Segment Open
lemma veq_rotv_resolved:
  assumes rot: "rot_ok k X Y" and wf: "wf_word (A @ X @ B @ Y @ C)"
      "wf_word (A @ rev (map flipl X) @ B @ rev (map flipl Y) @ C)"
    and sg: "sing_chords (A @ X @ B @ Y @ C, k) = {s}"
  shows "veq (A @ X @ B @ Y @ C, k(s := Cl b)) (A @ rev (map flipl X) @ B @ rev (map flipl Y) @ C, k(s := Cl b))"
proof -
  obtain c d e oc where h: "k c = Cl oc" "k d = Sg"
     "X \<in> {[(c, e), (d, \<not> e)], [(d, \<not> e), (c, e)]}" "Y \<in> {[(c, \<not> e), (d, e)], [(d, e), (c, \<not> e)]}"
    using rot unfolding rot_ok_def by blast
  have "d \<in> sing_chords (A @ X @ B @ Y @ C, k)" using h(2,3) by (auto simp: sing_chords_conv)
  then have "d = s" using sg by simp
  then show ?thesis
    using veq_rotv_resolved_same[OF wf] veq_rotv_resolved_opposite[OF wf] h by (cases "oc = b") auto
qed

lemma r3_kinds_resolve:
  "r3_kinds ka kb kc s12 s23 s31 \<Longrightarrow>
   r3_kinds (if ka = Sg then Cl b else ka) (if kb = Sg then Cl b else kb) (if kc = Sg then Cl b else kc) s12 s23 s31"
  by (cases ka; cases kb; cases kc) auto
Segment Closed
Segment Open
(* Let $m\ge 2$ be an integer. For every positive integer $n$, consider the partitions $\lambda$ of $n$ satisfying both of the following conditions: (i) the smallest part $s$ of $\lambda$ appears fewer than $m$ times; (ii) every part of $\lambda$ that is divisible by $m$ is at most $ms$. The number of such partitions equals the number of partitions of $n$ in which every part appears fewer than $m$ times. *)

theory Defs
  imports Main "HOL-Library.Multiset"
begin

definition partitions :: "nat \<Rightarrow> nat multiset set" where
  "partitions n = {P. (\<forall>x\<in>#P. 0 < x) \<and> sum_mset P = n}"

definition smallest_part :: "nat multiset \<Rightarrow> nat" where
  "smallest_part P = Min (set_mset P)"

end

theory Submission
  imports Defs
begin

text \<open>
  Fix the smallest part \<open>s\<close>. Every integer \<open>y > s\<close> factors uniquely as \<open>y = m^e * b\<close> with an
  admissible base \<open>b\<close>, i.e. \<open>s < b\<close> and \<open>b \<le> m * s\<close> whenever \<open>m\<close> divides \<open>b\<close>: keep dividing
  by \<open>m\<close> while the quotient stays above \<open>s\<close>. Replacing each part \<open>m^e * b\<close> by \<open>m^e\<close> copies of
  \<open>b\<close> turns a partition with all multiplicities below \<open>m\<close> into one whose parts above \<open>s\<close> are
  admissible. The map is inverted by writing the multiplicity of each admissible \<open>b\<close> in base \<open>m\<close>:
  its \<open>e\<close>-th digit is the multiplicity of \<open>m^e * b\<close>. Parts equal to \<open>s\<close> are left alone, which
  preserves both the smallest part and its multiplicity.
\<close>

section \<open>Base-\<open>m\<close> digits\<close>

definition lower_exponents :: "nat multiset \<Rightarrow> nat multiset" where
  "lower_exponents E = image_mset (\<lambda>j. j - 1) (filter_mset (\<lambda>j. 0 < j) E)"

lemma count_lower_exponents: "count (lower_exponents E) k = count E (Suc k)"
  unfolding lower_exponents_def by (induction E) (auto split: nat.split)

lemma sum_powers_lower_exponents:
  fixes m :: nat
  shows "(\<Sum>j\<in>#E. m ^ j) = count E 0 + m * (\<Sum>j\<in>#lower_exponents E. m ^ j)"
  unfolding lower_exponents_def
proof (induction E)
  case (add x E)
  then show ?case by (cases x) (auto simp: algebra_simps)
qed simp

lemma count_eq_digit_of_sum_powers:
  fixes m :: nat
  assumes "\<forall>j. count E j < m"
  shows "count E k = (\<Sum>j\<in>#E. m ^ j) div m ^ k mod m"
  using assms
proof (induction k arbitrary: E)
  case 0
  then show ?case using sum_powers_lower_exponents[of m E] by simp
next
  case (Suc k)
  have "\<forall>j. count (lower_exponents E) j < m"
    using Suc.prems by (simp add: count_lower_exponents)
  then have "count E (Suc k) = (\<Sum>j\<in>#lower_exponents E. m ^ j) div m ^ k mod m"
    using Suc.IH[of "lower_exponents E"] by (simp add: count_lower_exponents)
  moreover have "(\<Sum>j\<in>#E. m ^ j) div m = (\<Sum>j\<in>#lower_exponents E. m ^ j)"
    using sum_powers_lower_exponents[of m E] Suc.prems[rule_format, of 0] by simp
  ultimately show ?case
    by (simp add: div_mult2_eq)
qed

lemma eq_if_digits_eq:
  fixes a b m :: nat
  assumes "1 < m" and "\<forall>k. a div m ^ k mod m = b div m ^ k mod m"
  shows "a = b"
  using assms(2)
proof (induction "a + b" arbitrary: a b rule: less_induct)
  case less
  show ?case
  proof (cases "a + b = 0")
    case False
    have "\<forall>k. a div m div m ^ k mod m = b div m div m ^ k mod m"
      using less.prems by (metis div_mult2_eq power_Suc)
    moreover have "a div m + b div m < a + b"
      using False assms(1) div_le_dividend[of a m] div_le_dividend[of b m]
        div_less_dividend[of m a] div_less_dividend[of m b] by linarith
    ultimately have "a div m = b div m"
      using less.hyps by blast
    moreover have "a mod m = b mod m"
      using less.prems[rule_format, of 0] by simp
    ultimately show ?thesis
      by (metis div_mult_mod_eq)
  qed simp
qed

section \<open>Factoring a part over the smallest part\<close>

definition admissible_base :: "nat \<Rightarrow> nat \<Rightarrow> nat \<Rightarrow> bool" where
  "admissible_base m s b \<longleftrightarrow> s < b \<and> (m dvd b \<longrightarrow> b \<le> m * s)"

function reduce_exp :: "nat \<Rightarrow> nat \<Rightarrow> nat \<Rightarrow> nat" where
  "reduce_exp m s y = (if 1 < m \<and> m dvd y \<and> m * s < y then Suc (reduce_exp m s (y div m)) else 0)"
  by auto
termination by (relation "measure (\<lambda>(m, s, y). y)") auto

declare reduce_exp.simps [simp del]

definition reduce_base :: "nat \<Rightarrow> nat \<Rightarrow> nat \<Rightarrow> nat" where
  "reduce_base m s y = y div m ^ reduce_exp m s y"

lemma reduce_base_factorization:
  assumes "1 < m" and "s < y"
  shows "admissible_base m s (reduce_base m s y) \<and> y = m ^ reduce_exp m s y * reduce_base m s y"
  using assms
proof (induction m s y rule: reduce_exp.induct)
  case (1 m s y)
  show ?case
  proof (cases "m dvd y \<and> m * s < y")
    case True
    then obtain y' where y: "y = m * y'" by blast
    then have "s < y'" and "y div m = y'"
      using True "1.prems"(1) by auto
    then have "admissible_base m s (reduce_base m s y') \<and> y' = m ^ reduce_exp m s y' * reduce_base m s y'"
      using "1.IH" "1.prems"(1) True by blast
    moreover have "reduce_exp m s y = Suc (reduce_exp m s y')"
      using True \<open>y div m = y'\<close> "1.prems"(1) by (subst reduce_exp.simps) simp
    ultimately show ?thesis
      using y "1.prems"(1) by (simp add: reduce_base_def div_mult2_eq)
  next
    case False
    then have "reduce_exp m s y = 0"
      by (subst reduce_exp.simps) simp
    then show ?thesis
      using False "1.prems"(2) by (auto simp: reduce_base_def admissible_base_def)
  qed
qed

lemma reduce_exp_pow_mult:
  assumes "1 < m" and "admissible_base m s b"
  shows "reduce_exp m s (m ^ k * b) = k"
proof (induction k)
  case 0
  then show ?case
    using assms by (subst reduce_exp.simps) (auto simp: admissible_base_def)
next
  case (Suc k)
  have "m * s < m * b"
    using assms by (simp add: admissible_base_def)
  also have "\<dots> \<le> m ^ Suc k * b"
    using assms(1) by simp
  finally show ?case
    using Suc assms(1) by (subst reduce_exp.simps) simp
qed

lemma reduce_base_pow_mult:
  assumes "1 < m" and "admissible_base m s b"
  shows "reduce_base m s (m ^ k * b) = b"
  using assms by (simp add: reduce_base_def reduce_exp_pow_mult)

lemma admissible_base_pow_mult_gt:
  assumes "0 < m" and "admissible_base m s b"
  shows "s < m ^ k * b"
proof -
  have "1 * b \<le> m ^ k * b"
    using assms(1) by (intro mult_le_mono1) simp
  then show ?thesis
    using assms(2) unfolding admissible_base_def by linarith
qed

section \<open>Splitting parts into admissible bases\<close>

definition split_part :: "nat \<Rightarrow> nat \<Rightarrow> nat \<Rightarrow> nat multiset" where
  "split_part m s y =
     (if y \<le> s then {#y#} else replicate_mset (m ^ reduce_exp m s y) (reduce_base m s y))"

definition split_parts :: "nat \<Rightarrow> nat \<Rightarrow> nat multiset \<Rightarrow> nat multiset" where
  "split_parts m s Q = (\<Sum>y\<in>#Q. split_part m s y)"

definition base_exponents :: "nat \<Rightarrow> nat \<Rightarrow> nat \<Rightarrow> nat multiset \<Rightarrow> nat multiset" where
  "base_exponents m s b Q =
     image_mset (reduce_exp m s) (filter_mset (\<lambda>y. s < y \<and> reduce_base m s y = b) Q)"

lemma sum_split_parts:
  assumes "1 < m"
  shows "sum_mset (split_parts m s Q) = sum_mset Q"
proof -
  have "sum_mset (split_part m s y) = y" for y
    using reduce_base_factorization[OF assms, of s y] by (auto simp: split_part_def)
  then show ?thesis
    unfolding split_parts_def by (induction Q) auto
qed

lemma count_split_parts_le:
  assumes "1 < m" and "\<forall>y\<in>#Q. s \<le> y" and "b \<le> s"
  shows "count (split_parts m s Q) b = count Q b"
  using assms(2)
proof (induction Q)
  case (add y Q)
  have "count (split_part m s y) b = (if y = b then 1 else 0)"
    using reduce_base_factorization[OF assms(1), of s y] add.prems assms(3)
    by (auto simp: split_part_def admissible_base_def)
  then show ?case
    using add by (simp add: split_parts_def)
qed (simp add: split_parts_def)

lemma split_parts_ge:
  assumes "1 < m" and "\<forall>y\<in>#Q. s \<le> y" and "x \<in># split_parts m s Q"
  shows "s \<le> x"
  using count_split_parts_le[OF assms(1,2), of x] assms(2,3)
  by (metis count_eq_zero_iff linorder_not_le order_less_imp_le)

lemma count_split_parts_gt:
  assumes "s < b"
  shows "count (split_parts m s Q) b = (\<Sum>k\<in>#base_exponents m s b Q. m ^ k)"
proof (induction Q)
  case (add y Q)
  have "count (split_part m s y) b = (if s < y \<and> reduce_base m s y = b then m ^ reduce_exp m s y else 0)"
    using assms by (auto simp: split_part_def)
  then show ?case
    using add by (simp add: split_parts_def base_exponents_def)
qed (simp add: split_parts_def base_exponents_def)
Segment Closed
Segment Open
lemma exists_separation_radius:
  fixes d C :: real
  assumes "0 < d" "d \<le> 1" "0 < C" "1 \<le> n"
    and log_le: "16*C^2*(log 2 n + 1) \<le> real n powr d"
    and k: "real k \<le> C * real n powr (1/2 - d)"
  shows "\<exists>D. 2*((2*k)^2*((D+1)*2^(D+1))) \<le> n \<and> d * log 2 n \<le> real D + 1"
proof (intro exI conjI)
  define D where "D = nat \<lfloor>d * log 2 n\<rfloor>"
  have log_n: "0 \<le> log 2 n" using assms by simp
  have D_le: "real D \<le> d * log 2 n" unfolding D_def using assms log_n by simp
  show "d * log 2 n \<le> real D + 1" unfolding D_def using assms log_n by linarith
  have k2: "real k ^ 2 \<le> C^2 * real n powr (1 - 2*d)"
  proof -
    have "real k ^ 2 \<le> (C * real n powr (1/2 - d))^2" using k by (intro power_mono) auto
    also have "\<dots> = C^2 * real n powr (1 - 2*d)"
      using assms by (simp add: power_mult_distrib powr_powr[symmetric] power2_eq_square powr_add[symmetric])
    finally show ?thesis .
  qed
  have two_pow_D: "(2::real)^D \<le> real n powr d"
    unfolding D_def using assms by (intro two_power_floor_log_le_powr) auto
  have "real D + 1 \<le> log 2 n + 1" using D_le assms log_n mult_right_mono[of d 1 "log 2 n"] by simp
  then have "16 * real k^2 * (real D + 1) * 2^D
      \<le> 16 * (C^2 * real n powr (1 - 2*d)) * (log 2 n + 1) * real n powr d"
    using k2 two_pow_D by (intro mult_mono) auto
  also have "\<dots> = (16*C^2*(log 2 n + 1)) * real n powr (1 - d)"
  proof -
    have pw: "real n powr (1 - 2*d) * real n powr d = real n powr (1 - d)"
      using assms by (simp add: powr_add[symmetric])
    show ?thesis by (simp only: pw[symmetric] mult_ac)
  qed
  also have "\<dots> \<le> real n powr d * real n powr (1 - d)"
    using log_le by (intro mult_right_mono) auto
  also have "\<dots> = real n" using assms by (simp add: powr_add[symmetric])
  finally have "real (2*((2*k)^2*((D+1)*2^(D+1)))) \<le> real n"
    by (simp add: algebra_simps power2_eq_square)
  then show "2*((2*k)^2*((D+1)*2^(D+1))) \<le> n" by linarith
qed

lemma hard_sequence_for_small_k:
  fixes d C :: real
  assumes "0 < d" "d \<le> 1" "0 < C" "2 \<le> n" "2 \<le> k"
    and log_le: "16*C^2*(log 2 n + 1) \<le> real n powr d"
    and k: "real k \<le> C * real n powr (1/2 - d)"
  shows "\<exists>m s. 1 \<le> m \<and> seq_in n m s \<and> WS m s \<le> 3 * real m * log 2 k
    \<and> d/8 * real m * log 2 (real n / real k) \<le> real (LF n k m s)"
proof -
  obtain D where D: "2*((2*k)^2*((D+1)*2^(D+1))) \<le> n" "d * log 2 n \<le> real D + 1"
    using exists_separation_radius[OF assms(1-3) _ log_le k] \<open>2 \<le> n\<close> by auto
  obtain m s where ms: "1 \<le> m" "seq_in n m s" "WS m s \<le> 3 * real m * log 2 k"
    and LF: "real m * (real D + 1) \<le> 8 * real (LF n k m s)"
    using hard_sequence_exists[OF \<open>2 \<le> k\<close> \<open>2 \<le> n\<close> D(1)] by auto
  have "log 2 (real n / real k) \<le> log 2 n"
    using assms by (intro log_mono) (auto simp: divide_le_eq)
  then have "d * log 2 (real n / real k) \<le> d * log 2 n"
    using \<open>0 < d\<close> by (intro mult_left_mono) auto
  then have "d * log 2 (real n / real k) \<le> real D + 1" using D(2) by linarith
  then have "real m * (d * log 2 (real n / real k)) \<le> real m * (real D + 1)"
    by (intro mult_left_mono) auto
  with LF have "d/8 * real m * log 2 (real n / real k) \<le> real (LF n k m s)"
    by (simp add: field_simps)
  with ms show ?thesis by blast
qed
Segment Closed
**Exercise:**
Copy down every line of the entries containing the word "each".

**Answer to the problem:**
  by \<open>m\<close> while the quotient stays above \<open>s\<close>. Replacing each part \<open>m^e * b\<close> by \<open>m^e\<close> copies of
  admissible. The map is inverted by writing the multiplicity of each admissible \<open>b\<close> in base \<open>m\<close>:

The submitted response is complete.